For the year ended August 31, 1995, Small's incurred a loss of
$1,586,000 followed by a loss of $378,000 for the quarter ended November
30, 1995. The Company, in an effort to eliminate these continued losses
entered into a joint venture for its West Texas rental tool and fishing
operations subsequent to December 31, 1995. As a result of the joint
venture, the Company will have no liability for any operating losses that
may be incurred in the joint venture. The Company's share of distributions
will be $110,000 a month for the first 24 months and $80,000 a month for
the remaining 36 months of the term of the joint venture.
At December 31, 1995, the Company elected the early adoption of
Statement of Financial Accounting Standards (FAS) No. 121, Accounting for
the Impairment of Long-Lived Assets and for Long-Lived Assets to be
Disposed Of. The undiscounted net cash flows from the joint venture were
less than the carrying value of the associated fixed assets and associated
goodwill indicating that an impairment had taken place. This resulted in
the Company recognizing a non-cash charge for the impairment of long-lived
assets of $4,042,000, consisting of a write-off of goodwill of $3,520,000
associated with the acquisition of Small's and a write off of $522,000 of
property, plant and equipment.
On December 13, 1995, simultaneous with the consummation of the
Reorganization, the Company completed a public offering of 1,500,000 Units
("Units"), with each Unit consisting of three shares of the Company's
common stock and three Class B redeemable Common Stock Purchase Warrants.
On December 27, 1995, the Company sold an additional 225,000 Units. The
offering, after the underwriting discount, non-accountable expenses and all
other offering related expenses, provided the Company with approximately
$9.3 million. The Company used the net proceeds provided by the offerings
to repay a majority of Small's existing bank debt, fund the cash portion of
the purchase price of Oil Stop and provide additional working capital for
operations.
Capital Resources and Liquidity
Net cash provided by operating activities was $415,000 for the six
months ended June 30, 1996. This is a decrease of $261,000 as compared to
the six months ended June 30, 1995. This is primarily the result of a $1.6
million reduction in the Company's accounts payable. Of the $1.6 million,
$1.2 million is a result of a permanent reduction of Small's remaining
obligations.
The Company's working capital position improved to $2,796,000 at June
30, 1996 as compared to $976,000 at December 31, 1995. This was primarily
the result of a $2,000,000 final payment made in connection with the
acquisition of all the capital stock of Oil Stop as well as a reduction of
debt of approximately $1.2 million. The Company's current ratio also
improved from 1.10 at December 31, 1995 to 1.56 at June 30, 1996.

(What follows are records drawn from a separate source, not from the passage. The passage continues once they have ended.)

(* Let $l$ be odd, $K$ a field of characteristic $0$ and $q\in K$ such that $q^2$ is a primitive $l$-th root of unity. For every $n$ with $2\le n\le l-1$, $$\sum_{i=0}^{l-1}S_{i,n}(1,q^2,q^4,\dots,q^{2(n-1)})=\frac{l}{(1-q^2)(1-q^4)\cdots(1-q^{2(n-1)})},$$ where $S_{d,n}(x_1,\dots,x_n)=\sum_{1\le i_1\le\cdots\le i_d\le n}x_{i_1}\cdots x_{i_d}$ and $S_{0,n}=1$. *)

theory Defs
  imports Main "HOL-Library.FuncSet"
begin

text \<open>Sequences are extensional
  functions {1..d} -> {1..n}; for d = 0 the sum has one empty product, so S_{0,n} = 1.\<close>
definition complete_hom :: "nat \<Rightarrow> nat \<Rightarrow> (nat \<Rightarrow> 'a::comm_ring_1) \<Rightarrow> 'a" where
  "complete_hom d n x =
     (\<Sum>f \<in> {f. f \<in> {1..d} \<rightarrow>\<^sub>E {1..n} \<and> (\<forall>i\<in>{1..d}. \<forall>j\<in>{1..d}. i \<le> j \<longrightarrow> f i \<le> f j)}.
        \<Prod>k=1..d. x (f k))"

definition primitive_root_of_unity :: "nat \<Rightarrow> 'a::comm_ring_1 \<Rightarrow> bool" where
  "primitive_root_of_unity l z \<longleftrightarrow> 0 < l \<and> z ^ l = 1 \<and> (\<forall>k. 0 < k \<and> k < l \<longrightarrow> z ^ k \<noteq> 1)"

end

theory Submission
  imports Defs
begin

text \<open>
  Put \<open>z = q\<^sup>2\<close> and \<open>h k n = S_{k,n}(1, z, ..., z^(n-1))\<close>.  Splitting off the largest index
  gives \<open>h (k+1) (n+1) = h (k+1) n + z^n h k (n+1)\<close>, and from it the Gaussian-binomial relation
  \<open>(1 - z^n) h k (n+1) = (1 - z^(k+1)) h (k+1) n\<close>.  As \<open>z^l = 1\<close> but \<open>z^n \<noteq> 1\<close> for
  \<open>0 < n < l\<close>, the latter forces \<open>h (l-1) (n+1) = 0\<close>, so summing the former over \<open>k < l\<close>
  gives \<open>A (n+1) = A n + z^n A (n+1)\<close> for \<open>A n = \<Sum>k<l. h k n\<close>; and \<open>A 1 = l\<close>.
\<close>

definition mono_seqs :: "nat \<Rightarrow> nat \<Rightarrow> (nat \<Rightarrow> nat) set" where
  "mono_seqs d n = {f. f \<in> {1..d} \<rightarrow>\<^sub>E {1..n} \<and> (\<forall>i\<in>{1..d}. \<forall>j\<in>{1..d}. i \<le> j \<longrightarrow> f i \<le> f j)}"

lemma finite_mono_seqs: "finite (mono_seqs d n)"
  by (rule finite_subset[of _ "{1..d} \<rightarrow>\<^sub>E {1..n}"]) (auto simp: mono_seqs_def intro: finite_PiE)

lemma complete_hom_eq_sum_mono_seqs:
  "complete_hom d n x = (\<Sum>f\<in>mono_seqs d n. \<Prod>k=1..d. x (f k))"
  by (simp add: complete_hom_def mono_seqs_def)

lemma mono_seqs_Suc_Suc:
  "mono_seqs (Suc d) (Suc n) = mono_seqs (Suc d) n \<union> (\<lambda>g. g(Suc d := Suc n)) ` mono_seqs d (Suc n)"
    (is "?L = ?R")
proof
  show "?L \<subseteq> ?R"
  proof
    fix f assume f: "f \<in> ?L"
    show "f \<in> ?R"
    proof (cases "f (Suc d) = Suc n")
      case True
      then have "f = (f(Suc d := undefined))(Suc d := Suc n)" by (simp add: fun_eq_iff)
      moreover have "f(Suc d := undefined) \<in> mono_seqs d (Suc n)"
        using f by (auto simp: mono_seqs_def PiE_def Pi_def extensional_def)
      ultimately show ?thesis by blast
    next
      case False
      with f have "f (Suc d) \<le> n" by (auto simp: mono_seqs_def PiE_def Pi_def le_Suc_eq)
      moreover have "f k \<le> f (Suc d)" if "k \<in> {1..Suc d}" for k
        using f that by (simp add: mono_seqs_def)
      ultimately show ?thesis using f by (force simp: mono_seqs_def PiE_def Pi_def)
    qed
  qed
  show "?R \<subseteq> ?L"
    by (auto simp: mono_seqs_def PiE_def Pi_def extensional_def le_Suc_eq)
qed

lemma complete_hom_0 [simp]: "complete_hom 0 n x = 1"
proof -
  have "mono_seqs 0 n = {\<lambda>_. undefined}" by (auto simp: mono_seqs_def)
  then show ?thesis by (simp add: complete_hom_eq_sum_mono_seqs)
qed

lemma complete_hom_Suc_0 [simp]: "complete_hom (Suc d) 0 x = 0"
proof -
  have "mono_seqs (Suc d) 0 = {}" by (auto simp: mono_seqs_def PiE_def Pi_def)
  then show ?thesis by (simp add: complete_hom_eq_sum_mono_seqs)
qed

lemma complete_hom_Suc_Suc:
  "complete_hom (Suc d) (Suc n) x = complete_hom (Suc d) n x + x (Suc n) * complete_hom d (Suc n) x"
proof -
  let ?ext = "\<lambda>g. g(Suc d := Suc n)"
  have disjoint: "mono_seqs (Suc d) n \<inter> ?ext ` mono_seqs d (Suc n) = {}"
    by (auto simp: mono_seqs_def PiE_def Pi_def)
  have "inj_on ?ext (mono_seqs d (Suc n))"
  proof (rule inj_onI)
    fix a b assume "a \<in> mono_seqs d (Suc n)" "b \<in> mono_seqs d (Suc n)" "?ext a = ?ext b"
    moreover from calculation(1,2) have "a (Suc d) = b (Suc d)"
      by (auto simp: mono_seqs_def PiE_def extensional_def)
    ultimately show "a = b" by (metis fun_upd_triv fun_upd_upd)
  qed
  then have "(\<Sum>f\<in>?ext ` mono_seqs d (Suc n). \<Prod>k=1..Suc d. x (f k))
      = (\<Sum>g\<in>mono_seqs d (Suc n). \<Prod>k=1..Suc d. x (?ext g k))"
    by (rule sum.reindex[unfolded comp_def])
  also have "\<dots> = (\<Sum>g\<in>mono_seqs d (Suc n). x (Suc n) * (\<Prod>k=1..d. x (g k)))"
    by (intro sum.cong refl) (simp add: prod.nat_ivl_Suc')
  finally show ?thesis
    unfolding complete_hom_eq_sum_mono_seqs mono_seqs_Suc_Suc
    by (simp add: sum.union_disjoint finite_mono_seqs disjoint sum_distrib_left)
qed

definition principal_complete_hom :: "'a::comm_ring_1 \<Rightarrow> nat \<Rightarrow> nat \<Rightarrow> 'a" where
  "principal_complete_hom z k n = complete_hom k n (\<lambda>j. z ^ (j - 1))"

lemma principal_complete_hom_0 [simp]: "principal_complete_hom z 0 n = 1"
  by (simp add: principal_complete_hom_def)

lemma principal_complete_hom_Suc_0 [simp]: "principal_complete_hom z (Suc k) 0 = 0"
  by (simp add: principal_complete_hom_def)

lemma principal_complete_hom_Suc_Suc:
  "principal_complete_hom z (Suc k) (Suc n)
     = principal_complete_hom z (Suc k) n + z ^ n * principal_complete_hom z k (Suc n)"
  by (simp add: principal_complete_hom_def complete_hom_Suc_Suc)

lemma principal_complete_hom_Suc_0_right [simp]: "principal_complete_hom z k (Suc 0) = 1"
  by (induction k) (simp_all add: principal_complete_hom_Suc_Suc)

lemma principal_complete_hom_geometric:
  "(1 - z) * principal_complete_hom z (Suc 0) n = 1 - z ^ n"
proof (induction n)
  case (Suc n)
  have "(1 - z) * principal_complete_hom z (Suc 0) (Suc n)
      = (1 - z) * principal_complete_hom z (Suc 0) n + (1 - z) * z ^ n"
    by (simp add: principal_complete_hom_Suc_Suc distrib_left)
  also have "\<dots> = 1 - z ^ Suc n"
    using Suc.IH by (simp add: algebra_simps)
  finally show ?case .
qed simp

lemma principal_complete_hom_shift:
  "(1 - z ^ n) * principal_complete_hom z k (Suc n) = (1 - z ^ Suc k) * principal_complete_hom z (Suc k) n"
proof (induction k arbitrary: n)
  case 0
  then show ?case by (simp add: principal_complete_hom_geometric)
next
  case (Suc k)
  note shift_k = Suc.IH
  let ?h = "principal_complete_hom z"
  show ?case
  proof (induction n)
    case 0
    then show ?case by simp
  next
    case (Suc m)
    have "(1 - z ^ Suc m) * ?h (Suc k) (Suc (Suc m))
        = (1 - z ^ Suc m) * ?h (Suc k) (Suc m) + z ^ Suc m * ((1 - z ^ Suc m) * ?h k (Suc (Suc m)))"
      by (simp add: principal_complete_hom_Suc_Suc algebra_simps)
    also have "\<dots> = (1 - z ^ Suc m) * ?h (Suc k) (Suc m) + z ^ Suc m * ((1 - z ^ Suc k) * ?h (Suc k) (Suc m))"
      by (simp only: shift_k)
    also have "\<dots> = (1 - z ^ m) * ?h (Suc k) (Suc m) + z ^ m * ((1 - z ^ Suc (Suc k)) * ?h (Suc k) (Suc m))"
      by (simp add: algebra_simps)
    also have "\<dots> = (1 - z ^ Suc (Suc k)) * ?h (Suc (Suc k)) m + z ^ m * ((1 - z ^ Suc (Suc k)) * ?h (Suc k) (Suc m))"
      by (simp only: Suc.IH)
    also have "\<dots> = (1 - z ^ Suc (Suc k)) * ?h (Suc (Suc k)) (Suc m)"
      by (simp add: principal_complete_hom_Suc_Suc algebra_simps)
    finally show ?case .
  qed
qed

lemma principal_complete_hom_eq_0:
  fixes z :: "'a::idom"
  assumes "z ^ Suc k = 1" and "z ^ n \<noteq> 1"
  shows "principal_complete_hom z k (Suc n) = 0"
  using principal_complete_hom_shift[of z n k] assms by simp

lemma sum_principal_complete_hom_Suc:
  "(\<Sum>k<Suc m. principal_complete_hom z k (Suc n))
     = (\<Sum>k<Suc m. principal_complete_hom z k n) + z ^ n * (\<Sum>k<m. principal_complete_hom z k (Suc n))"
  by (simp add: sum.lessThan_Suc_shift principal_complete_hom_Suc_Suc sum.distrib sum_distrib_left
           del: sum.lessThan_Suc)

lemma sum_principal_complete_hom_root_of_unity:
  fixes z :: "'a::field"
  assumes root: "primitive_root_of_unity l z" and "0 < n" and "n < l"
  shows "(\<Sum>k<l. principal_complete_hom z k n) = of_nat l / (\<Prod>j=1..n-1. (1 - z ^ j))"
  using \<open>0 < n\<close> \<open>n < l\<close>
proof (induction n rule: nat_induct_non_zero)
  case 1
  then show ?case by simp
next
  case (Suc n)
  let ?A = "\<lambda>n. \<Sum>k<l. principal_complete_hom z k n"
  obtain m where l: "l = Suc m" using Suc.prems by (cases l) auto
  have zn: "1 - z ^ n \<noteq> 0"
    using root Suc by (auto simp: primitive_root_of_unity_def)
  have "principal_complete_hom z m (Suc n) = 0"
    using root zn l by (intro principal_complete_hom_eq_0) (auto simp: primitive_root_of_unity_def)
  then have "?A (Suc n) = ?A n + z ^ n * ?A (Suc n)"
    using sum_principal_complete_hom_Suc[where z = z and m = m and n = n] l by simp
  then have "?A (Suc n) = ?A n / (1 - z ^ n)"
    using zn by (simp add: eq_divide_eq algebra_simps)
  moreover have "(\<Prod>j=1..n. (1 - z ^ j)) = (\<Prod>j=1..n-1. (1 - z ^ j)) * (1 - z ^ n)"
    using \<open>0 < n\<close> by (metis Suc_diff_1 mult.commute prod.nat_ivl_Suc' le_add1 plus_1_eq_Suc)
  ultimately show ?case
    using Suc by simp
qed

theorem mainTheorem5:
  fixes q :: "'a::field_char_0" and l n :: nat
  assumes "odd l"
    and "primitive_root_of_unity l (q^2)"
    and "2 \<le> n" and "n \<le> l - 1"
  shows "(\<Sum>i<l. complete_hom i n (\<lambda>j. q ^ (2 * (j - 1))))
         = of_nat l / (\<Prod>j=1..n-1. (1 - q ^ (2 * j)))"
proof -
  have "0 < n" "n < l" using assms(1,3,4) by (auto elim: oddE)
  then have "(\<Sum>i<l. principal_complete_hom (q^2) i n) = of_nat l / (\<Prod>j=1..n-1. (1 - (q^2) ^ j))"
    using assms(2) by (rule sum_principal_complete_hom_root_of_unity[rotated])
  then show ?thesis
    by (simp add: principal_complete_hom_def power_mult)
qed

end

The Company, in connection with the joint venture for its West Texas
fishing and rental tool operations, sold land for $300,000. During the
first six months of 1996 it also sold various equipment for approximately
$57,000. Both these sales resulted in no gain or loss. In the first six
months of 1996, the Company purchased approximately $572,000 of machinery
and equipment. These purchases were funded primarily from cash generated
from operations.
On July 31, 1996, the company consummated its purchase of Baytron,
Inc. for $1,100,000 of cash and 550,000 Common Stock. The cash portion of
the purchase was made with available funds.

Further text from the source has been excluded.